The described task, of course, only in words looks simple. To use it in my programs, I needed to write my own code for symbolic simplification of expressions. In addition, I solved a more complicated problem, assuming that each neuron with the function A (s) can have several alternative alternative activation functions. Therefore, the overall task has been reduced to the enumeration of variants of such functions and the symbolic simplification of the network for each such variant. Here only paralleling of calculations has already helped.
Result
The result pleased me. I accelerated a three-layer network (with three inputs) of eight neurons (with input weights and offsets) with activation functions “exponential sigmoid”. As time measurements showed, it was possible to get a gain of about 40% in time without significant loss in quality.
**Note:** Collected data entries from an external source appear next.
(* Define $\rho:\mathbb{C}\to\mathbb{C}$ by $\rho(re^{i\theta})=r\,r_\gamma(\theta)e^{i\theta}$ and let $\mathcal{L}=\max(\mathrm{Lip}(\rho),\mathrm{Lip}(\rho^{-1}))$. Fix $\varepsilon>0$ such that $\varepsilon':=\frac32\mathcal{L}^2\varepsilon\le\frac14$, and for $l\ge0$ let $n_l=\lceil2\pi\varepsilon^{-1}(1+(1+\varepsilon)^l)\rceil$. For $l\ge0$ and $1\le j\le n_l$ let $r_l=1+(1+\varepsilon)^{-l}$, $\theta_{j,l}=-\pi+\frac{2\pi}{n_l}j$, and $q_{j,l}=r_l\,r_\gamma(\theta_{j,l})e^{i\theta_{j,l}}$. Then $\bigcup_{l=0}^\infty\{q_{j,l}\}_{j=1}^{n_l}$ is an $\varepsilon'$-fine Whitney set for $\Omega^-_{1/\mathcal{L}}$ with respect to $\gamma$.
   Context: Let $r_\gamma:\mathbb{R}\to(0,\infty)$ be a $2\pi$-periodic Lipschitz function, $\gamma=\{r_\gamma(\theta)e^{i\theta}:0\le\theta\le2\pi\}$, $\Omega^+$ the bounded domain enclosed by $\gamma$, $\Omega^-=\mathbb{C}\setminus\overline{\Omega^+}$, $d(z)=\mathrm{dist}(z,\gamma)$, and $\Omega^-_\delta=\{z\in\Omega^-:d(z)<\delta\}$. Whitney sets: for $A\subset\mathbb{R}^n$ closed, $\mathcal{O}\subset A^c$ and $\varepsilon\le1/2$, a countable set $\{x_j\}\subset A^c$ is an $\varepsilon$-fine Whitney set for $\mathcal{O}$ with respect to $A$ if (i) $\mathcal{O}\subset\bigcup_jB(x_j,\varepsilon\,\mathrm{dist}(x_j,A))$ (open balls), and (ii) $\sup_{x}\sum_j\chi_{B(x_j,\varepsilon\,\mathrm{dist}(x_j,A))}(x)<\infty$. *)

theory Defs
  imports "HOL-Analysis.Analysis"
begin

definition curve :: "(real \<Rightarrow> real) \<Rightarrow> complex set" where
  "curve r = (\<lambda>\<theta>. complex_of_real (r \<theta>) * cis \<theta>) ` {0..2*pi}"

definition Omega_plus :: "(real \<Rightarrow> real) \<Rightarrow> complex set" where
  "Omega_plus r = inside (curve r)"

definition Omega_minus :: "(real \<Rightarrow> real) \<Rightarrow> complex set" where
  "Omega_minus r = - closure (Omega_plus r)"

definition Omega_minus_delta :: "(real \<Rightarrow> real) \<Rightarrow> real \<Rightarrow> complex set" where
  "Omega_minus_delta r \<delta> = {z \<in> Omega_minus r. infdist z (curve r) < \<delta>}"

text \<open>rho(r e^{i theta}) = r * r_gamma(theta) e^{i theta} (well defined by periodicity; rho 0 = 0).\<close>
definition rho :: "(real \<Rightarrow> real) \<Rightarrow> complex \<Rightarrow> complex" where
  "rho r z = complex_of_real (cmod z * r (Arg z)) * cis (Arg z)"

definition Lip :: "('a::metric_space \<Rightarrow> 'b::metric_space) \<Rightarrow> real" where
  "Lip f = Inf {L. L-lipschitz_on UNIV f}"

definition whitney_set :: "real \<Rightarrow> 'a::euclidean_space set \<Rightarrow> 'a set \<Rightarrow> 'a set \<Rightarrow> bool" where
  "whitney_set \<epsilon> U A X \<longleftrightarrow>
     closed A \<and> U \<subseteq> - A \<and> \<epsilon> \<le> 1/2 \<and>
     countable X \<and> X \<subseteq> - A \<and>
     U \<subseteq> (\<Union>x\<in>X. ball x (\<epsilon> * infdist x A)) \<and>
     (\<exists>M::nat. \<forall>y. finite {x \<in> X. y \<in> ball x (\<epsilon> * infdist x A)} \<and>
                    card {x \<in> X. y \<in> ball x (\<epsilon> * infdist x A)} \<le> M)"

end

theory Submission
  imports Defs
begin

text \<open>
  The map \<open>rho\<close> is bi-Lipschitz with constant \<open>L\<close> and maps the circle \<open>|w| = s\<close> onto the
  dilate \<open>s \<gamma>\<close>, so all estimates are made after pulling back by \<open>rho\<^sup>-\<^sup>1\<close>. A point \<open>z\<close>
  of \<open>\<Omega>\<^sup>-\<close> with \<open>d(z) < 1/L\<close> has \<open>|rho\<^sup>-\<^sup>1 z| = s\<close> with \<open>1 < s < 2\<close>. Take the layer \<open>l\<close>
  with \<open>t\<^sub>l\<^sub>+\<^sub>1 < s - 1 \<le> t\<^sub>l\<close>, where \<open>t\<^sub>l = (1+\<epsilon>)^-l\<close>, and the first grid angle above
  \<open>arg (rho\<^sup>-\<^sup>1 z)\<close>: the radial and the angular error are both at most \<open>\<epsilon> t\<^sub>l\<close>, so
  \<open>|q - z| < 3/2 L \<epsilon> t\<^sub>l\<close>, while \<open>d(q) \<ge> t\<^sub>l / L\<close>. For the bounded overlap, all centres
  \<open>q\<close> whose ball contains a given \<open>y\<close> have \<open>d(q)\<close> comparable to \<open>d(y)\<close>, hence lie in
  \<open>O(L^2/\<epsilon>)\<close> consecutive layers; within one layer their angles lie in an arc of length
  \<open>O(L^2 \<epsilon>' t\<^sub>l)\<close>, while the grid spacing \<open>2 pi / n\<^sub>l\<close> is of order \<open>\<epsilon> t\<^sub>l\<close>.
\<close>

section \<open>Elementary estimates\<close>

lemma cos_ge_one_minus_sq_half: "1 - x^2 / 2 \<le> cos (x::real)"
proof -
  have "cos x = 1 - 2 * sin (x/2)^2"
    using cos_double_sin[of "x/2"] by simp
  moreover have "sin (x/2)^2 \<le> (x/2)^2"
    using abs_sin_x_le_abs_x[of "x/2"] by (metis abs_le_square_iff abs_ge_zero)
  ultimately show ?thesis by (simp add: power_divide)
qed

lemma sin_ge_cubic:
  fixes x :: real assumes "0 \<le> x"
  shows "x - x^3 / 6 \<le> sin x"
proof -
  let ?g = "\<lambda>x. sin x - x + x^3 / 6"
  have "\<exists>y. (?g has_real_derivative y) (at u) \<and> 0 \<le> y" for u
  proof -
    have "(?g has_real_derivative (cos u - 1 + u^2 / 2)) (at u)"
      by (auto intro!: derivative_eq_intros simp: power2_eq_square)
    then show ?thesis using cos_ge_one_minus_sq_half[of u] by fastforce
  qed
  then have "?g 0 \<le> ?g x"
    using DERIV_nonneg_imp_nondecreasing[OF assms] by blast
  then show ?thesis by simp
qed

lemma sin_ge_quarter:
  fixes x :: real assumes "0 \<le> x" "x \<le> pi/2"
  shows "x / 4 \<le> sin x"
proof -
  have "x * x \<le> 2 * 2"
    using assms pi_less_4 by (intro mult_mono) auto
  then have "x * (x * x) \<le> x * 4"
    using assms(1) by (intro mult_left_mono) auto
  then have "x / 4 \<le> x - x^3 / 6"
    using assms(1) by (simp add: power3_eq_cube)
  then show ?thesis using sin_ge_cubic[OF assms(1)] by linarith
qed

lemma norm_cis_minus_one: "cmod (cis a - 1) = 2 * \<bar>sin (a/2)\<bar>"
proof -
  have "(cmod (cis a - 1))^2 = (cos a - 1)^2 + (sin a)^2"
    by (simp add: cmod_power2)
  also have "\<dots> = 2 - 2 * cos a"
    using sin_cos_squared_add[of a] by (simp add: power2_diff)
  also have "\<dots> = (2 * \<bar>sin (a/2)\<bar>)^2"
    using cos_double_sin[of "a/2"] by (simp add: power_mult_distrib)
  finally show ?thesis
    by (rule power2_eq_imp_eq) simp_all
qed

lemma norm_cis_minus_one_ge:
  assumes "\<bar>a\<bar> \<le> pi" shows "\<bar>a\<bar> / 4 \<le> cmod (cis a - 1)"
proof -
  have "\<bar>a\<bar> / 2 / 4 \<le> sin (\<bar>a\<bar> / 2)"
    using assms by (intro sin_ge_quarter) auto
  also have "sin (\<bar>a\<bar> / 2) = \<bar>sin (a/2)\<bar>"
    using sin_ge_zero[of "\<bar>a\<bar>/2"] assms by (cases "0 \<le> a") auto
  finally show ?thesis by (simp add: norm_cis_minus_one)
qed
Illustrate. Here is the source network data:
And in the third, output layer:
If the inputs are designated as a, b and c, then, after replacements and simplifications, the network function NET is considered as:
Winning - again, 40% of the time, without much damage to quality. I think you can apply this approach in cases where the speed of the neural network is critical - for example, if it is calculated repeatedly, in a double or triple cycle. An example of such a problem : the numerical solution of the aerodynamic problem on a grid, and in each of its nodes the neural network calculates some useful forecast, for example, for a more accurate calculation of turbulent viscosity. Then we have an external cycle in time, a double or triple cycle in the coordinate is enclosed in it, and already there, inside, the calculation of the neural network sits. In this case, the simplification is more than appropriate and useful.